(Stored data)
=-=-=-=-=

text \<open>By self-adjointness, \<open>GM = (MG)^* = G^* = G\<close>.\<close>

lemma kapply_gibbs_orbit_mh_orbit: "kapply G (kapply M f) = kapply G f"
proof (rule inner_pi_eqI)
  fix h
  have "inner_pi p h (kapply G (kapply M f)) = inner_pi p (kapply M (kapply G h)) f"
    unfolding inner_pi_kapply_reversible[OF gibbs_orbit_reversible]
      inner_pi_kapply_reversible[OF mh_orbit_reversible] ..
  also have "\<dots> = inner_pi p h (kapply G f)"
    unfolding kapply_mh_orbit_gibbs_orbit inner_pi_kapply_reversible[OF gibbs_orbit_reversible] ..
  finally show "inner_pi p h (kapply G (kapply M f)) = inner_pi p h (kapply G f)" .
qed

lemma funpow_mh_orbit_gibbs_orbit: "(kapply M ^^ k) (kapply G f) = kapply G f"
  by (induction k) (simp_all add: kapply_mh_orbit_gibbs_orbit)

lemma gibbs_orbit_funpow_mh_orbit: "kapply G ((kapply M ^^ k) f) = kapply G f"
  by (induction k) (simp_all add: kapply_gibbs_orbit_mh_orbit)

lemma norm_pi_gibbs_orbit_pythagoras:
  "(norm_pi p f)\<^sup>2 = (norm_pi p (kapply G f))\<^sup>2 + (norm_pi p (\<lambda>x. f x - kapply G f x))\<^sup>2"
proof -
  have "inner_pi p (kapply G f) (kapply G f) = inner_pi p f (kapply G f)"
    using inner_pi_kapply_reversible[OF gibbs_orbit_reversible, of f "kapply G f"]
    by (simp add: kapply_gibbs_orbit_idem)
  then show ?thesis
    by (simp add: norm_pi_power2 inner_pi_diff_left inner_pi_diff_right inner_pi_commute[of p "kapply G f" f])
qed

lemma norm_pi_gibbs_orbit_le: "norm_pi p (kapply G f) \<le> norm_pi p f"
  and norm_pi_sub_gibbs_orbit_le: "norm_pi p (\<lambda>x. f x - kapply G f x) \<le> norm_pi p f"
  by (rule power2_le_imp_le[OF _ norm_pi_nonneg], simp add: norm_pi_gibbs_orbit_pythagoras[of f])+

lemma funpow_mh_orbit_sub_gibbs_orbit:
  "(\<lambda>x. (kapply M ^^ k) f x - kapply G f x)
     = (kapply (\<lambda>x y. M x y - G x y) ^^ k) (\<lambda>x. f x - kapply G f x)"
proof (induction k)
  case (Suc k)
  have "(\<lambda>x. (kapply M ^^ Suc k) f x - kapply G f x)
      = kapply (\<lambda>x y. M x y - G x y) (\<lambda>x. (kapply M ^^ k) f x - kapply G f x)"
    by (simp add: kapply_kernel_diff kapply_diff kapply_mh_orbit_gibbs_orbit
        gibbs_orbit_funpow_mh_orbit kapply_gibbs_orbit_idem)
  also have "\<dots> = (kapply (\<lambda>x y. M x y - G x y) ^^ Suc k) (\<lambda>x. f x - kapply G f x)"
    unfolding Suc.IH by simp
  finally show ?case .
qed simp

lemma norm_pi_funpow_mh_orbit_sub_gibbs_orbit_le:
  assumes "f \<in> l2_0 p"
  shows "norm_pi p (\<lambda>x. (kapply M ^^ k) f x - kapply G f x)
    \<le> opnorm_l2_0 p (\<lambda>x y. M x y - G x y) ^ k * norm_pi p f"
proof -
  have "norm_pi p (\<lambda>x. (kapply M ^^ k) f x - kapply G f x)
      \<le> opnorm_l2_0 p (\<lambda>x y. M x y - G x y) ^ k * norm_pi p (\<lambda>x. f x - kapply G f x)"
    unfolding funpow_mh_orbit_sub_gibbs_orbit
    using assms by (intro norm_pi_funpow_kapply_le)
      (simp_all add: kapply_kernel_diff l2_0_diff kapply_gibbs_orbit_l2_0 kapply_mh_orbit_l2_0)
  also have "\<dots> \<le> opnorm_l2_0 p (\<lambda>x y. M x y - G x y) ^ k * norm_pi p f"
    by (intro mult_left_mono norm_pi_sub_gibbs_orbit_le zero_le_power opnorm_l2_0_nonneg)
  finally show ?thesis .
qed

text \<open>\<open>GPG = G (M^k P M^k) G\<close>, and \<open>G\<close> is a self-adjoint contraction.\<close>

lemma rho_gibbs_orbit_sandwich_le:
  "rho p (kmult G (kmult P G)) \<le> rho p (kmult (kpow M k) (kmult P (kpow M k)))"
proof -
  have "kapply (kmult G (kmult P G)) = kapply (kmult G (kmult (kmult (kpow M k) (kmult P (kpow M k))) G))"
    by (simp add: fun_eq_iff kapply_kmult kapply_kpow funpow_mh_orbit_gibbs_orbit gibbs_orbit_funpow_mh_orbit)
  then have "rho p (kmult G (kmult P G)) = rho p (kmult G (kmult (kmult (kpow M k) (kmult P (kpow M k))) G))"
    unfolding rho_def by simp
  also have "\<dots> \<le> rho p (kmult (kpow M k) (kmult P (kpow M k)))"
    by (intro rho_sandwich_le gibbs_orbit_reversible gibbs_orbit_row_sum norm_pi_gibbs_orbit_le)
  finally show ?thesis .
qed


lemma rho_mh_orbit_sandwich_le:
  assumes P: "reversible p P"
  shows "rho p (kmult (kpow M k) (kmult P (kpow M k)))
    \<le> rho p (kmult G (kmult P G))
       + rho p P * (2 * opnorm_l2_0 p (\<lambda>x y. M x y - G x y) ^ k
                    + opnorm_l2_0 p (\<lambda>x y. M x y - G x y) ^ (2 * k))"
    (is "_ \<le> ?\<rho>G + ?\<rho>P * (2 * ?\<theta> ^ k + ?\<theta> ^ (2 * k))")
proof (rule rho_le)
  show "0 \<le> ?\<rho>G + ?\<rho>P * (2 * ?\<theta> ^ k + ?\<theta> ^ (2 * k))"
    by (intro add_nonneg_nonneg mult_nonneg_nonneg rho_nonneg zero_le_power opnorm_l2_0_nonneg) simp
  fix f assume f: "f \<in> l2_0 p"
  define a where "a = kapply G f"
  define b where "b = (\<lambda>x. (kapply M ^^ k) f x - kapply G f x)"
  have "(kapply M ^^ n) f \<in> l2_0 p" for n
    using f by (induction n) (simp_all add: kapply_mh_orbit_l2_0)
  then have a: "a \<in> l2_0 p" "norm_pi p a \<le> norm_pi p f"
    and b: "b \<in> l2_0 p" "norm_pi p b \<le> ?\<theta> ^ k * norm_pi p f"
    using f by (simp_all add: a_def b_def kapply_gibbs_orbit_l2_0 l2_0_diff norm_pi_gibbs_orbit_le
        norm_pi_funpow_mh_orbit_sub_gibbs_orbit_le)
  have sym: "inner_pi p b (kapply P a) = inner_pi p a (kapply P b)"
    using inner_pi_kapply_reversible[OF P, of b a] inner_pi_commute by metis
  have "inner_pi p f (kapply (kmult (kpow M k) (kmult P (kpow M k))) f)
      = inner_pi p ((kapply M ^^ k) f) (kapply P ((kapply M ^^ k) f))"
    by (simp add: kapply_kmult kapply_kpow inner_pi_funpow_kapply_reversible[OF mh_orbit_reversible])
  also have "(kapply M ^^ k) f = (\<lambda>x. a x + b x)"
    by (simp add: a_def b_def)
  also have "inner_pi p (\<lambda>x. a x + b x) (kapply P (\<lambda>x. a x + b x))
      = inner_pi p a (kapply P a) + 2 * inner_pi p a (kapply P b) + inner_pi p b (kapply P b)"
    by (simp add: kapply_add inner_pi_add_left inner_pi_add_right sym)
  finally have expand: "inner_pi p f (kapply (kmult (kpow M k) (kmult P (kpow M k))) f)
      = inner_pi p a (kapply P a) + 2 * inner_pi p a (kapply P b) + inner_pi p b (kapply P b)" .
  have "inner_pi p a (kapply P a) = inner_pi p f (kapply (kmult G (kmult P G)) f)"
    by (simp add: a_def inner_pi_sandwich_reversible[OF gibbs_orbit_reversible])
  then have aa: "\<bar>inner_pi p a (kapply P a)\<bar> \<le> ?\<rho>G * (norm_pi p f)\<^sup>2"
    using abs_inner_pi_kapply_le_rho[OF f] by simp
  have "\<bar>inner_pi p a (kapply P b)\<bar> \<le> ?\<rho>P * norm_pi p a * norm_pi p b"
    by (rule abs_inner_pi_kapply_le_rho_norm[OF P a(1) b(1)])
  also have "\<dots> \<le> ?\<rho>P * norm_pi p f * (?\<theta> ^ k * norm_pi p f)"
    by (intro mult_mono mult_left_mono a(2) b(2) rho_nonneg norm_pi_nonneg mult_nonneg_nonneg)
      simp_all
  finally have ab: "\<bar>inner_pi p a (kapply P b)\<bar> \<le> ?\<rho>P * (?\<theta> ^ k * (norm_pi p f)\<^sup>2)"
    by (simp add: power2_eq_square mult_ac)
  have "\<bar>inner_pi p b (kapply P b)\<bar> \<le> ?\<rho>P * (norm_pi p b)\<^sup>2"
    by (rule abs_inner_pi_kapply_le_rho[OF b(1)])
  also have "\<dots> \<le> ?\<rho>P * (?\<theta> ^ k * norm_pi p f)\<^sup>2"
    by (intro mult_left_mono power_mono b(2) norm_pi_nonneg rho_nonneg)
  finally have bb: "\<bar>inner_pi p b (kapply P b)\<bar> \<le> ?\<rho>P * (?\<theta> ^ (2 * k) * (norm_pi p f)\<^sup>2)"
    by (simp add: power_mult_distrib power_mult mult.commute[of 2 k])
  have "(?\<rho>G + ?\<rho>P * (2 * ?\<theta> ^ k + ?\<theta> ^ (2 * k))) * (norm_pi p f)\<^sup>2
      = ?\<rho>G * (norm_pi p f)\<^sup>2 + 2 * (?\<rho>P * (?\<theta> ^ k * (norm_pi p f)\<^sup>2))
        + ?\<rho>P * (?\<theta> ^ (2 * k) * (norm_pi p f)\<^sup>2)"
    by (simp add: algebra_simps)
  with expand aa ab bb
  show "\<bar>inner_pi p f (kapply (kmult (kpow M k) (kmult P (kpow M k))) f)\<bar>
      \<le> (?\<rho>G + ?\<rho>P * (2 * ?\<theta> ^ k + ?\<theta> ^ (2 * k))) * (norm_pi p f)\<^sup>2"
    by linarith
qed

=-=-=-=-=

Return only the lines above that run from the opening line through the line containing "unfolding inner_pi_kapply_reversible[OF gibbs_orbit_reversible]", exactly as written.

text \<open>By self-adjointness, \<open>GM = (MG)^* = G^* = G\<close>.\<close>

lemma kapply_gibbs_orbit_mh_orbit: "kapply G (kapply M f) = kapply G f"
proof (rule inner_pi_eqI)
  fix h
  have "inner_pi p h (kapply G (kapply M f)) = inner_pi p (kapply M (kapply G h)) f"
    unfolding inner_pi_kapply_reversible[OF gibbs_orbit_reversible]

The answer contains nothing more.